Einige in der Informationstechnologie führende Unternehmen der Welt sind bereits mit dem Ausbau des Internets der Dinge befasst. General Electrics »Industrial Internet«, Ciscos »Internet of Everything«, IBMs »Smarter Planet« sowie Siemens’ »Nachhaltige Stadtentwicklung« sind nur einige der vielen Initiativen, die gegenwärtig im Gange sind, um eine intelligente Infrastruktur für die Dritte Industrielle Revolution in die Wege zu leiten, die Stadtviertel, Städte, Regionen und Kontinente zu einem, wie Branchenkenner es nennen, globalen neuronalen Netzwerk zu verbinden vermag. Konzipiert ist dieses Netz als offen, dezentral und kollaborativ; es gibt jedem an jedem Ort und zu jeder Zeit die Möglichkeit, sich einzuklinken und mithilfe bereitstehender Big Data neue Applikationen zu schaffen, mit denen sich sein Alltagsleben im Nahezu-null-Grenzkosten-Bereich führen lässt.

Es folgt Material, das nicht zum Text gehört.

lemma nn_integral_Icc_translate_antimono:
  fixes \<phi> :: "real \<Rightarrow> ennreal"
  assumes [measurable]: "\<phi> \<in> borel_measurable borel"
    and \<phi>: "\<And>a b. \<bar>a\<bar> \<le> \<bar>b\<bar> \<Longrightarrow> \<phi> b \<le> \<phi> a"
    and c: "0 \<le> c" "c \<le> c'"
  shows "(\<integral>\<^sup>+x. \<phi> (c' - x) * indicator {-1..1} x \<partial>lborel)
       \<le> (\<integral>\<^sup>+x. \<phi> (c - x) * indicator {-1..1} x \<partial>lborel)"
proof (cases "c' - c \<ge> 2")
  case True
  then have "\<phi> (c' - x) * indicator {-1..1} x \<le> \<phi> (c - x) * indicator {-1..1} x" for x
    using c \<phi>[of "c - x" "c' - x"] by (auto simp: indicator_def)
  then show ?thesis
    by (rule nn_integral_mono)
next
  case False
  define d where "d = c' - c"
  have d: "0 \<le> d" "d < 2"
    using False c by (auto simp: d_def)
  text \<open>Substituting \<open>u = x - d\<close> turns the left side into an integral of \<open>\<phi> (c - u)\<close> over
    \<open>[-1 - d, 1 - d]\<close>; the piece \<open>[-1 - d, -1)\<close> shifted right by 2 lands on \<open>[1 - d, 1)\<close>,
    where \<open>\<bar>c - u\<bar>\<close> is smaller.\<close>
  have "(\<integral>\<^sup>+x. \<phi> (c' - x) * indicator {-1..1} x \<partial>lborel)
      = (\<integral>\<^sup>+u. \<phi> (c' - (u + d)) * indicator {-1..1} (u + d) \<partial>lborel)"
    by (rule nn_integral_lborel_translate[symmetric]) measurable
  also have "\<dots> = (\<integral>\<^sup>+u. \<phi> (c - u) * indicator {-1-d..<-1} u
                        + \<phi> (c - u) * indicator {-1..1-d} u \<partial>lborel)"
    using d by (intro nn_integral_cong) (auto simp: indicator_def d_def)
  also have "\<dots> = (\<integral>\<^sup>+u. \<phi> (c - u) * indicator {-1-d..<-1} u \<partial>lborel)
                 + (\<integral>\<^sup>+u. \<phi> (c - u) * indicator {-1..1-d} u \<partial>lborel)"
    by (rule nn_integral_add) measurable
  also have "(\<integral>\<^sup>+u. \<phi> (c - u) * indicator {-1-d..<-1} u \<partial>lborel)
           = (\<integral>\<^sup>+v. \<phi> (c - (v - 2)) * indicator {-1-d..<-1} (v - 2) \<partial>lborel)"
    using nn_integral_lborel_translate[of "\<lambda>u. \<phi> (c - u) * indicator {-1-d..<-1} u" "-2"] by simp
  also have "\<dots> \<le> (\<integral>\<^sup>+v. \<phi> (c - v) * indicator {1-d..<1} v \<partial>lborel)"
  proof (rule nn_integral_mono)
    fix v :: real
    show "\<phi> (c - (v - 2)) * indicator {-1-d..<-1} (v - 2) \<le> \<phi> (c - v) * indicator {1-d..<1} v"
      using c \<phi>[of "c - v" "c - (v - 2)"] by (auto simp: indicator_def)
  qed
  also have "(\<integral>\<^sup>+v. \<phi> (c - v) * indicator {1-d..<1} v \<partial>lborel)
             + (\<integral>\<^sup>+u. \<phi> (c - u) * indicator {-1..1-d} u \<partial>lborel)
           = (\<integral>\<^sup>+v. \<phi> (c - v) * indicator {1-d..<1} v
                    + \<phi> (c - v) * indicator {-1..1-d} v \<partial>lborel)"
    by (rule nn_integral_add[symmetric]) measurable
  also have "\<dots> \<le> (\<integral>\<^sup>+x. \<phi> (c - x) * indicator {-1..1} x \<partial>lborel)"
    using d by (intro nn_integral_mono_AE eventually_mono[OF AE_lborel_singleton[of "1 - d"]])
      (auto simp: indicator_def)
  finally show ?thesis
    by (simp add: add_right_mono)
qed

lemma nn_integral_unifD_translate_antimono:
  fixes \<phi> :: "real \<Rightarrow> ennreal"
  assumes [measurable]: "\<phi> \<in> borel_measurable borel"
    and \<phi>: "\<And>a b. \<bar>a\<bar> \<le> \<bar>b\<bar> \<Longrightarrow> \<phi> b \<le> \<phi> a"
    and c: "\<bar>c\<bar> \<le> \<bar>c'\<bar>"
  shows "(\<integral>\<^sup>+x. \<phi> (c' - x) \<partial>unifD) \<le> (\<integral>\<^sup>+x. \<phi> (c - x) \<partial>unifD)"
proof -
  have even: "(\<integral>\<^sup>+x. \<phi> (e - x) \<partial>unifD) = (\<integral>\<^sup>+x. \<phi> (\<bar>e\<bar> - x) \<partial>unifD)" for e
  proof (cases "e \<ge> 0")
    case False
    have "(\<integral>\<^sup>+x. \<phi> (e - x) \<partial>unifD) = (\<integral>\<^sup>+x. \<phi> (e + x) \<partial>unifD)"
      using nn_integral_unifD_reflect[of "\<lambda>x. \<phi> (e + x)"] by simp
    also have "\<dots> = (\<integral>\<^sup>+x. \<phi> (\<bar>e\<bar> - x) \<partial>unifD)"
    proof (rule nn_integral_cong)
      fix x
      have "\<bar>e + x\<bar> = \<bar>\<bar>e\<bar> - x\<bar>"
        using False by auto
      then show "\<phi> (e + x) = \<phi> (\<bar>e\<bar> - x)"
        using \<phi> by (metis order.refl antisym)
    qed
    finally show ?thesis .
  qed simp
  have "(\<integral>\<^sup>+x. \<phi> (\<bar>c'\<bar> - x) * indicator {-1..1} x \<partial>lborel)
      \<le> (\<integral>\<^sup>+x. \<phi> (\<bar>c\<bar> - x) * indicator {-1..1} x \<partial>lborel)"
    using c by (intro nn_integral_Icc_translate_antimono \<phi>) auto
  then show ?thesis
    unfolding even[of c] even[of c'] by (simp add: nn_integral_unifD divide_right_mono_ennreal)
qed

lemma prob_space_convolution:
  assumes "prob_space N" "prob_space N'" "sets N = sets borel" "sets N' = sets borel"
  shows "prob_space (N \<star> N')"
proof -
  interpret pair_prob_space N N'
    using assms(1,2) by (simp add: pair_prob_space_def pair_sigma_finite_def prob_space_imp_sigma_finite)
  have "(\<lambda>(x, y). x + y :: real) \<in> borel_measurable (borel \<Otimes>\<^sub>M borel)"
    by measurable
  then show ?thesis
    unfolding convolution_def using sets_pair_measure_cong[OF assms(3,4)]
    by (intro prob_space_distr) (simp cong: measurable_cong_sets)
qed

lemma borel_measurable_emeasure_translate:
  fixes N :: "real measure"
  assumes "finite_measure N" and [measurable_cong]: "sets N = sets borel"
    and [measurable]: "S \<in> sets borel" "g \<in> borel_measurable M"
  shows "(\<lambda>x. emeasure N {w. w + g x \<in> S}) \<in> borel_measurable M"
proof -
  interpret finite_measure N by fact
  have "(\<lambda>p. snd p + g (fst p)) -` S \<inter> space (M \<Otimes>\<^sub>M N) \<in> sets (M \<Otimes>\<^sub>M N)"
    by measurable
  from measurable_emeasure_Pair[OF this] show ?thesis
    using sets_eq_imp_space_eq[OF assms(2)] by (simp add: space_pair_measure)
qed

lemma emeasure_convolution_unifD:
  assumes "finite_measure N" "sets N = sets borel" "S \<in> sets borel"
  shows "emeasure (N \<star> unifD) S = (\<integral>\<^sup>+x. emeasure N {w. w + x \<in> S} \<partial>unifD)"
proof -
  have fin_U: "finite_measure unifD"
    using prob_space_unifD by (rule prob_space.finite_measure)
  have "(N \<star> unifD) = (unifD \<star> N)"
    using assms(1,2) fin_U by (intro convolution_commutative) auto
  then show ?thesis
    using assms fin_U sets_eq_imp_space_eq[OF assms(2)] by (simp add: convolution_emeasure)
qed

lemma emeasure_convolution_unifD_singleton:
  assumes "finite_measure N" "sets N = sets borel"
  shows "emeasure (N \<star> unifD) {a} = 0"
proof -
  have "emeasure (N \<star> unifD) {a} = (\<integral>\<^sup>+x. emeasure unifD {b. b + x \<in> {a}} \<partial>N)"
    using assms prob_space.finite_measure[OF prob_space_unifD] sets_eq_imp_space_eq[OF assms(2)]
    by (intro convolution_emeasure) auto
  also have "\<dots> = (\<integral>\<^sup>+x. emeasure unifD {a - x} \<partial>N)"
    by (intro nn_integral_cong arg_cong[where f="emeasure unifD"]) auto
  finally show ?thesis
    by simp
qed

section \<open>Symmetric unimodal distributions\<close>

definition symmetric_unimodal :: "real measure \<Rightarrow> bool" where
  "symmetric_unimodal N \<longleftrightarrow> prob_space N \<and> sets N = sets borel \<and>
     (\<forall>y. emeasure N {y..} = emeasure N {..-y}) \<and>
     (\<forall>c c' h. \<bar>c\<bar> \<le> \<bar>c'\<bar> \<longrightarrow> emeasure N {c'-h..c'+h} \<le> emeasure N {c-h..c+h})"

lemma symmetric_unimodalD:
  assumes "symmetric_unimodal N"
  shows "prob_space N" "sets N = sets borel" "emeasure N {y..} = emeasure N {..-y}"
    and "\<bar>c\<bar> \<le> \<bar>c'\<bar> \<Longrightarrow> emeasure N {c'-h..c'+h} \<le> emeasure N {c-h..c+h}"
  using assms unfolding symmetric_unimodal_def by auto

Anfangs waren sich die Weltkonzerne, die sich für das IdD stark machten, selbst nicht ganz sicher, was genau den grundlegenden Betriebsmechanismus der Plattform konstituieren sollte. 2012 lud mich Cisco nach Berlin ein, um mit einer Reihe von IT-Vorständen seiner Firmenkundschaft die Dritte Industrielle Revolution zu diskutieren. Im Jahr darauf lud mich Siemens ein, mich mit ihrem damaligen CEO Peter Löscher zu treffen, dem Global Board und zwanzig der Chefs seiner weltweiten Divisionen. In den Chefetagen beider Konzerne war das Interesse am Internet der Dinge sehr groß.

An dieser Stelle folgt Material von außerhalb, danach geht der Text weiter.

(* Let $\mathcal{C}_1$ and $\mathcal{C}_2$ be two maximal commuting classes of two-qubit Pauli operators ($d=4$) that belong to a complete set of maximal commuting classes. Then there do not exist two further maximal commuting Pauli classes $\mathcal{C}_3'$ and $\mathcal{C}_4'$ (with $\mathcal{C}_1,\mathcal{C}_2,\mathcal{C}_3',\mathcal{C}_4'$ pairwise disjoint) such that the common eigenbases of $\mathcal{C}_1,\mathcal{C}_2,\mathcal{C}_3',\mathcal{C}_4'$ form a weakly unextendible set of four mutually unbiased bases in $\mathbb{C}^4$.
   Context: Two-qubit Pauli operators are the tensor products $P_1\otimes P_2$ with $P_k\in\{I,X,Y,Z\}$. A maximal commuting class in $d=4$ is a set of $3$ mutually commuting non-identity two-qubit Pauli operators. A complete set of classes is a family of $5$ pairwise disjoint maximal commuting classes whose union is the set of all $15$ non-identity two-qubit Pauli operators. Two orthonormal bases of $\mathbb{C}^d$ are mutually unbiased if $|\langle a|b\rangle|=1/\sqrt d$ for all vectors $a$ of the first and $b$ of the second; common eigenbases of pairwise disjoint maximal commuting Pauli classes are mutually unbiased. A set of mutually unbiased bases obtained as common eigenbases of Pauli classes is weakly unextendible if there is no further basis, unbiased to all of them, that is the common eigenbasis of a maximal commuting class of Pauli operators. *)

theory Defs
  imports "Jordan_Normal_Form.Matrix"
begin

datatype pauli = PI | PX | PY | PZ

definition pauli_mat :: "pauli \<Rightarrow> complex mat" where
  "pauli_mat p = (case p of
      PI \<Rightarrow> mat_of_rows_list 2 [[1, 0], [0, 1]]
    | PX \<Rightarrow> mat_of_rows_list 2 [[0, 1], [1, 0]]
    | PY \<Rightarrow> mat_of_rows_list 2 [[0, - \<i>], [\<i>, 0]]
    | PZ \<Rightarrow> mat_of_rows_list 2 [[1, 0], [0, -1]])"

text \<open>Kronecker (tensor) product of two 2x2 matrices, basis |ab> indexed by 2a+b.\<close>
definition kron2 :: "complex mat \<Rightarrow> complex mat \<Rightarrow> complex mat" where
  "kron2 A B = mat 4 4 (\<lambda>(i, j). A $$ (i div 2, j div 2) * B $$ (i mod 2, j mod 2))"

definition two_qubit_pauli :: "pauli \<Rightarrow> pauli \<Rightarrow> complex mat" where
  "two_qubit_pauli p q = kron2 (pauli_mat p) (pauli_mat q)"

definition nonid_paulis :: "complex mat set" where
  "nonid_paulis = {two_qubit_pauli p q | p q. (p, q) \<noteq> (PI, PI)}"

definition commute :: "complex mat \<Rightarrow> complex mat \<Rightarrow> bool" where
  "commute A B \<longleftrightarrow> A * B = B * A"

definition max_comm_class :: "complex mat set \<Rightarrow> bool" where
  "max_comm_class C \<longleftrightarrow> C \<subseteq> nonid_paulis \<and> card C = 3 \<and>
     (\<forall>A\<in>C. \<forall>B\<in>C. commute A B)"

definition complete_set :: "complex mat set set \<Rightarrow> bool" where
  "complete_set F \<longleftrightarrow> card F = 5 \<and> (\<forall>C\<in>F. max_comm_class C) \<and>
     (\<forall>C\<in>F. \<forall>D\<in>F. C \<noteq> D \<longrightarrow> C \<inter> D = {}) \<and> \<Union>F = nonid_paulis"

definition braket :: "complex vec \<Rightarrow> complex vec \<Rightarrow> complex" where
  "braket a b = (\<Sum>i<4. cnj (a $ i) * b $ i)"

definition onb4 :: "complex vec set \<Rightarrow> bool" where
  "onb4 B \<longleftrightarrow> card B = 4 \<and> (\<forall>v\<in>B. dim_vec v = 4) \<and>
     (\<forall>a\<in>B. \<forall>b\<in>B. braket a b = (if a = b then 1 else 0))"

definition eigenvector :: "complex mat \<Rightarrow> complex vec \<Rightarrow> bool" where
  "eigenvector A v \<longleftrightarrow> v \<noteq> 0\<^sub>v (dim_vec v) \<and> (\<exists>c. A *\<^sub>v v = c \<cdot>\<^sub>v v)"
lemma DS_subset_Zn: "DS n \<subseteq> Zn n"
  by (auto simp: DS_iff)

lemma zero_in_DS: "0 \<in> DS n"
  by (simp add: DS_iff zero_in_Zn lee_dist_def)

lemma DS_diameter:
  assumes "n \<ge> 1" "u \<in> DS n" "v \<in> DS n" shows "lee_dist n u v \<le> 3"
proof -
  have "lee_dist n 0 (unit_vec 0) = 1"
    using assms(1) by (simp add: lee_dist_split0 unit_vec_def)
  then show ?thesis
    using assms(2,3) lee_dist_triangle[of n u v 0] lee_dist_triangle[of n u v "unit_vec 0"]
      lee_dist_triangle[of n 0 v "unit_vec 0"] lee_dist_triangle[of n "unit_vec 0" v 0]
      lee_dist_commute[of n u 0] lee_dist_commute[of n u "unit_vec 0"]
      lee_dist_commute[of n 0 "unit_vec 0"]
    unfolding DS_iff by linarith
qed

definition coord_sum :: "nat \<Rightarrow> (nat \<Rightarrow> int) \<Rightarrow> int" where
  "coord_sum n x = (\<Sum>i\<in>{1..<n}. x i)"

definition moment :: "nat \<Rightarrow> (nat \<Rightarrow> int) \<Rightarrow> int" where
  "moment n x = (\<Sum>i\<in>{1..<n}. int i * x i)"

definition height :: "nat \<Rightarrow> (nat \<Rightarrow> int) \<Rightarrow> int" where
  "height n x = x 0 - coord_sum n x"

definition base_code :: "nat \<Rightarrow> (nat \<Rightarrow> int) set" where
  "base_code n = {a \<in> Zn n. int n dvd moment n a \<and> 4 dvd height n a}"

lemma height_add: "height n (u + v) = height n u + height n v"
  by (simp add: height_def coord_sum_def sum.distrib)

lemma height_diff: "height n (u - v) = height n u - height n v"
  by (simp add: height_def coord_sum_def sum_subtractf)

lemma moment_diff: "moment n (u - v) = moment n u - moment n v"
  by (simp add: moment_def sum_subtractf algebra_simps)

lemma height_diff_le_lee_dist:
  assumes "n \<ge> 1" shows "\<bar>height n u - height n v\<bar> \<le> lee_dist n u v"
proof -
  have "height n u - height n v = (u 0 - v 0) - (\<Sum>i\<in>{1..<n}. u i - v i)"
    by (simp add: height_def coord_sum_def sum_subtractf)
  moreover have "\<bar>\<Sum>i\<in>{1..<n}. u i - v i\<bar> \<le> (\<Sum>i\<in>{1..<n}. \<bar>u i - v i\<bar>)"
    by (rule sum_abs)
  ultimately show ?thesis using lee_dist_split0[OF assms, of u v] by linarith
qed

lemma even_weight_minus_height:
  assumes "n \<ge> 1" shows "even (lee_dist n 0 d - height n d)"
proof -
  have "lee_dist n 0 d - height n d = (\<bar>d 0\<bar> - d 0) + (\<Sum>i\<in>{1..<n}. \<bar>d i\<bar> + d i)"
    using lee_dist_split0[OF assms, of 0 d]
    by (simp add: height_def coord_sum_def sum.distrib)
  moreover have "even (\<Sum>i\<in>{1..<n}. \<bar>d i\<bar> + d i)"
    by (rule dvd_sum) (auto simp: abs_if)
  ultimately show ?thesis by (auto simp: abs_if)
qed

lemma sum_eq_single:
  assumes "finite S" "i \<in> S" "\<forall>j\<in>S - {i}. f j = 0" shows "sum f S = f i"
  using assms by (simp add: sum.remove)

Meinen Vortrag bei Cisco begann ich mit der Frage, was allen Infrastruktursystemen der Geschichte gemeinsam sei. Infrastruktur erfordert drei Elemente, die jeweils mit den anderen interagieren, damit das System als Ganzes funktioniert: ein Kommunikationsmedium, eine Energiequelle und einen logistischen Mechanismus. In diesem Sinne lässt sich Infrastruktur als eine prothetische Erweiterung sehen, als eine Möglichkeit zum Ausbau des sozialen Organismus. Nimmt man ihr die Möglichkeit zu kommunizieren, die Energiequelle und ihre Form der Mobilität, hört die Gesellschaft auf zu funktionieren.

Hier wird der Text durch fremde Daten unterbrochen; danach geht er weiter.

(* Let $\mathbf{u}=(u_1,\dots,u_n)$ be a utility profile over $C$, let $R\in\{R^C,R^V\}$, and suppose that $W(\mathbf{a})=\{c_j\}$ for some $c_j\in C$, where $\mathbf{a}$ is the truthful ballot vector. Then $\mathbf{a}$ is a PNE of the game $G=(\mathcal{T},R,\mathbf{u})$ if and only if for every $i\in N$ and every $c_k\in H(\mathbf{a})\setminus\{a_i\}$ it holds that $c_j\succ_i c_k$.
   Context: Let $C=\{c_1,\dots,c_m\}$ be candidates and $N=\{1,\dots,n\}$ voters, each with an injective utility function $u_i:C\to\mathbb{N}$ inducing $c\succ_i c'$ iff $u_i(c)>u_i(c')$; $a_i$ is $i$'s top candidate and $\mathbf{a}=(a_1,\dots,a_n)$. A ballot vector is $\mathbf{b}=(b_1,\dots,b_n)$ with $b_i\in C\cup\{\bot\}$ ($\bot$ = abstain); $(\mathbf{b}_{-i},b')$ replaces $b_i$ by $b'$. $\mathrm{sc}(c,\mathbf{b})=|\{i:b_i=c\}|$, $M(\mathbf{b})=\max_c\mathrm{sc}(c,\mathbf{b})$, $W(\mathbf{b})=\{c:\mathrm{sc}(c,\mathbf{b})=M(\mathbf{b})\}$, $H(\mathbf{b})=\{c:\mathrm{sc}(c,\mathbf{b})=M(\mathbf{b})-1\}$. If $|W(\mathbf{b})|=1$ its element wins; otherwise under $R^C$ the winner is uniform on $W(\mathbf{b})$, and under $R^V$ a uniformly random voter $i\in N$ is chosen and the winner is $b_i$ if $b_i\in W(\mathbf{b})$, else $i$'s most preferred candidate in $W(\mathbf{b})$. Let $p_j(\mathbf{b})$ be the probability $c_j$ wins. Fix $0<\varepsilon<\min\{1/m,1/n\}$. In the truth-biased setting $\mathcal{T}$, voter $i$'s utility is $U_i(\mathbf{b})=\sum_jp_j(\mathbf{b})u_i(c_j)$ if $b_i\in C\setminus\{a_i\}$, that plus $\varepsilon$ if $b_i=a_i$, and $-\infty$ if $b_i=\bot$. The game $(\mathcal{T},R,\mathbf{u})$ has players $N$ with action sets $C\cup\{\bot\}$; a PNE is a ballot vector $\mathbf{b}$ with $U_i(\mathbf{b})\ge U_i(\mathbf{b}_{-i},b')$ for all $i$ and $b'$. *)

theory Defs
  imports Complex_Main "HOL-Library.Extended_Real"
begin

Wie bereits erwähnt, setzt sich das IdD aus einem Kommunikationsinternet, einem Energieinternet und einem Logistikinternet zusammen, die gemeinsam als Betriebssystem funktionieren. Ziel ist die unablässige Suche nach Möglichkeiten zur Erhöhung thermodynamischer Effizienz und der Produktivität bei der Organisation von Ressourcen, der Produktion und Verteilung von Gütern und Dienstleistungen sowie dem Recycling von Abfallstoffen. Jedes dieser Internets ermöglicht die Arbeit der anderen. Ohne Kommunikation lässt sich wirtschaftliche Aktivität nicht verwalten. Ohne Energie lassen sich weder Informationen schaffen, noch lässt sich etwas transportieren. Ohne Logistik bewegen wir wirtschaftliche Aktivität nicht über die Wertschöpfungskette. Zusammen bilden diese drei Betriebssysteme die Physiologie des neuen ökonomischen Organismus.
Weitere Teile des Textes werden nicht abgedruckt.